The Economics of Donald Trump’s Mass Deportations
Donald Trump’s mass deportations will do little to improve the lives of American workers. But he is fueling a deportation-industrial complex that funnels billions of dollars into the hands of private companies.

Immigration restrictions could impose a two to five times larger “cost” than Donald Trump’s proposed protectionist policies. (Andrew Caballero-Reynolds / AFP via Getty Images)

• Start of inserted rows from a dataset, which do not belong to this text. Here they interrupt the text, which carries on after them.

(* Let $\mathfrak g$ be a 4-dimensional real almost abelian Lie algebra admitting an LCS structure. Then $\mathfrak g$ is isomorphic to one of the following Lie algebras (basis $\{e_1,e_2,e_3,e_4\}$, only nonzero brackets listed): $\mathfrak h_3\times\mathbb R$: $[e_1,e_2]=e_3$; $\mathfrak n_4$: $[e_1,e_2]=e_3$, $[e_1,e_3]=e_4$; $\mathfrak r_{3,\lambda}\times\mathbb R$ ($\lambda\in\mathbb R$): $[e_1,e_2]=e_2$, $[e_1,e_3]=\lambda e_3$; $\mathfrak r_{4,\mu,\lambda}$ ($\mu\lambda\neq0$): $[e_1,e_2]=e_2$, $[e_1,e_3]=\mu e_3$, $[e_1,e_4]=\lambda e_4$; $\mathfrak r_3\times\mathbb R$: $[e_1,e_2]=e_2$, $[e_1,e_3]=e_2+e_3$; $\mathfrak r_{4,\lambda}$ ($\lambda\in\mathbb R$): $[e_1,e_2]=e_2$, $[e_1,e_3]=\lambda e_3$, $[e_1,e_4]=e_3+\lambda e_4$; $\mathfrak r_4$: $[e_1,e_2]=e_2$, $[e_1,e_3]=e_2+e_3$, $[e_1,e_4]=e_3+e_4$; $\mathfrak r'_{3,\lambda}\times\mathbb R$ ($\lambda\in\mathbb R$): $[e_1,e_2]=\lambda e_2-e_3$, $[e_1,e_3]=e_2+\lambda e_3$; $\mathfrak r'_{4,\mu,\lambda}$ ($\mu\neq0$, $\lambda\neq0$): $[e_1,e_2]=\mu e_2$, $[e_1,e_3]=\lambda e_3-e_4$, $[e_1,e_4]=e_3+\lambda e_4$.
   Context: An almost abelian Lie algebra is a real Lie algebra with an abelian ideal of codimension one. An LCS structure on $\mathfrak g$ is a pair $(\omega,\theta)$ with $\omega\in\Lambda^2\mathfrak g^*$ non-degenerate and $\theta\in\mathfrak g^*$ closed and nonzero, such that $d\omega=\theta\wedge\omega$ ($d$ the Chevalley–Eilenberg differential). *)

theory Defs
  imports "HOL-Analysis.Analysis"
begin

definition lie_algebra :: "('a::real_vector \<Rightarrow> 'a \<Rightarrow> 'a) \<Rightarrow> bool" where
  "lie_algebra B \<longleftrightarrow> bilinear B \<and> (\<forall>x. B x x = 0) \<and>
     (\<forall>x y z. B x (B y z) + B y (B z x) + B z (B x y) = 0)"

definition almost_abelian :: "('a::euclidean_space \<Rightarrow> 'a \<Rightarrow> 'a) \<Rightarrow> bool" where
  "almost_abelian B \<longleftrightarrow> (\<exists>I. subspace I \<and> dim I = DIM('a) - 1 \<and>
     (\<forall>x\<in>I. \<forall>y. B y x \<in> I) \<and> (\<forall>x\<in>I. \<forall>y\<in>I. B x y = 0))"

definition CE_d2 :: "('a \<Rightarrow> 'a \<Rightarrow> 'a) \<Rightarrow> ('a \<Rightarrow> 'a \<Rightarrow> real) \<Rightarrow> 'a \<Rightarrow> 'a \<Rightarrow> 'a \<Rightarrow> real" where
  "CE_d2 B w x y z = - w (B x y) z + w (B x z) y - w (B y z) x"

definition wedge12 :: "('a \<Rightarrow> real) \<Rightarrow> ('a \<Rightarrow> 'a \<Rightarrow> real) \<Rightarrow> 'a \<Rightarrow> 'a \<Rightarrow> 'a \<Rightarrow> real" where
  "wedge12 t w x y z = t x * w y z - t y * w x z + t z * w x y"

text \<open>An LCS structure (w, t): w non-degenerate 2-form, t closed nonzero 1-form,
  d w = t \<and> w.  Closedness of t: (d t)(x,y) = - t([x,y]) = 0.\<close>
definition has_LCS :: "('a::real_vector \<Rightarrow> 'a \<Rightarrow> 'a) \<Rightarrow> bool" where
  "has_LCS B \<longleftrightarrow> (\<exists>(w::'a \<Rightarrow> 'a \<Rightarrow> real) (t::'a \<Rightarrow> real).
     bilinear w \<and> (\<forall>x. w x x = 0) \<and> (\<forall>x. (\<forall>y. w x y = 0) \<longrightarrow> x = 0) \<and>
     linear t \<and> (\<forall>x y. t (B x y) = 0) \<and> (\<exists>x. t x \<noteq> 0) \<and>
     (\<forall>x y z. CE_d2 B w x y z = wedge12 t w x y z))"

text \<open>(B is isomorphic to) the almost abelian Lie algebra with basis e1,...,e4 whose only
  nonzero brackets are [e1,ej] = sum_{k=2..4} A j k ek (j = 2,3,4); i.e. there is a basis
  of 'a realising exactly this bracket table (for i < j; the rest follows by antisymmetry).\<close>
definition is_model :: "('a::real_vector \<Rightarrow> 'a \<Rightarrow> 'a) \<Rightarrow> (nat \<Rightarrow> nat \<Rightarrow> real) \<Rightarrow> bool" where
  "is_model B A \<longleftrightarrow> (\<exists>e::nat \<Rightarrow> 'a.
     inj_on e {1..4} \<and> independent (e ` {1..4}) \<and> span (e ` {1..4}) = UNIV \<and>
     (\<forall>j\<in>{2..4}. B (e 1) (e j) = (\<Sum>k=2..4. A j k *\<^sub>R e k)) \<and>
     (\<forall>i\<in>{2..4}. \<forall>j\<in>{2..4}. i < j \<longrightarrow> B (e i) (e j) = 0))"

text \<open>Matrix of ad(e1) on span(e2,e3,e4): row j-2 lists the coefficients of [e1,ej]
  on e2, e3, e4.\<close>
definition adm :: "real list list \<Rightarrow> nat \<Rightarrow> nat \<Rightarrow> real" where
  "adm tbl j k = tbl ! (j - 2) ! (k - 2)"

definition h3R :: "nat \<Rightarrow> nat \<Rightarrow> real" where
  "h3R = adm [[0,1,0],[0,0,0],[0,0,0]]"
definition n4 :: "nat \<Rightarrow> nat \<Rightarrow> real" where
  "n4 = adm [[0,1,0],[0,0,1],[0,0,0]]"
definition r3R :: "real \<Rightarrow> nat \<Rightarrow> nat \<Rightarrow> real" where
  "r3R l = adm [[1,0,0],[0,l,0],[0,0,0]]"
definition r4ml :: "real \<Rightarrow> real \<Rightarrow> nat \<Rightarrow> nat \<Rightarrow> real" where
  "r4ml m l = adm [[1,0,0],[0,m,0],[0,0,l]]"
definition r3R' :: "nat \<Rightarrow> nat \<Rightarrow> real" where
  "r3R' = adm [[1,0,0],[1,1,0],[0,0,0]]"
definition r4l :: "real \<Rightarrow> nat \<Rightarrow> nat \<Rightarrow> real" where
  "r4l l = adm [[1,0,0],[0,l,0],[0,1,l]]"
definition r4 :: "nat \<Rightarrow> nat \<Rightarrow> real" where
  "r4 = adm [[1,0,0],[1,1,0],[0,1,1]]"
definition r3primeR :: "real \<Rightarrow> nat \<Rightarrow> nat \<Rightarrow> real" where
  "r3primeR l = adm [[l,-1,0],[1,l,0],[0,0,0]]"
definition r4prime :: "real \<Rightarrow> real \<Rightarrow> nat \<Rightarrow> nat \<Rightarrow> real" where
  "r4prime m l = adm [[m,0,0],[0,l,-1],[0,1,l]]"

end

On September 4, Immigration and Customs Enforcement (ICE) raided a Hyundai plant in Georgia and arrested about 475 mostly South Korean nationals. Images of them shackled by the wrists and ankles have caused outrage. The workers were engineers and equipment installers brought in for highly specialized jobs requiring skills that, according to the plant manager, are in short supply. This episode has exposed a tension between the Republican Party’s political agenda and the realities of America’s political economy.
There is a general consensus that mass deportations and the broader fear that they instill shrink GDP, lower overall employment for American workers, reduce wages, and drain local and state tax revenues. Last Friday’s highly anticipated employment report from the Bureau of Labor Statistics underlined growing recession concerns. There are fewer job openings, a slight rise in unemployment, and slowing wage growth. These bleak numbers make a Fed interest rate cut at the next Federal Open Market Committee, the Fed’s rate-setting body, almost inevitable. According to a FedWatch tool run by investors, the odds of a quarter-point cut are north of 96 percent. The administration’s hard-line immigration regime is one of the causes of the economic slowdown to which the potential Fed rate cut is a response.
Economists who have modeled possible deportation scenarios based on Donald Trump’s agenda project multi–percentage point losses in GDP and employment, a higher federal deficit, and rising inflation. Immigration restrictions, they estimate, could actually impose a two to five times larger “cost” than Trump’s proposed protectionist policies, such as tariffs.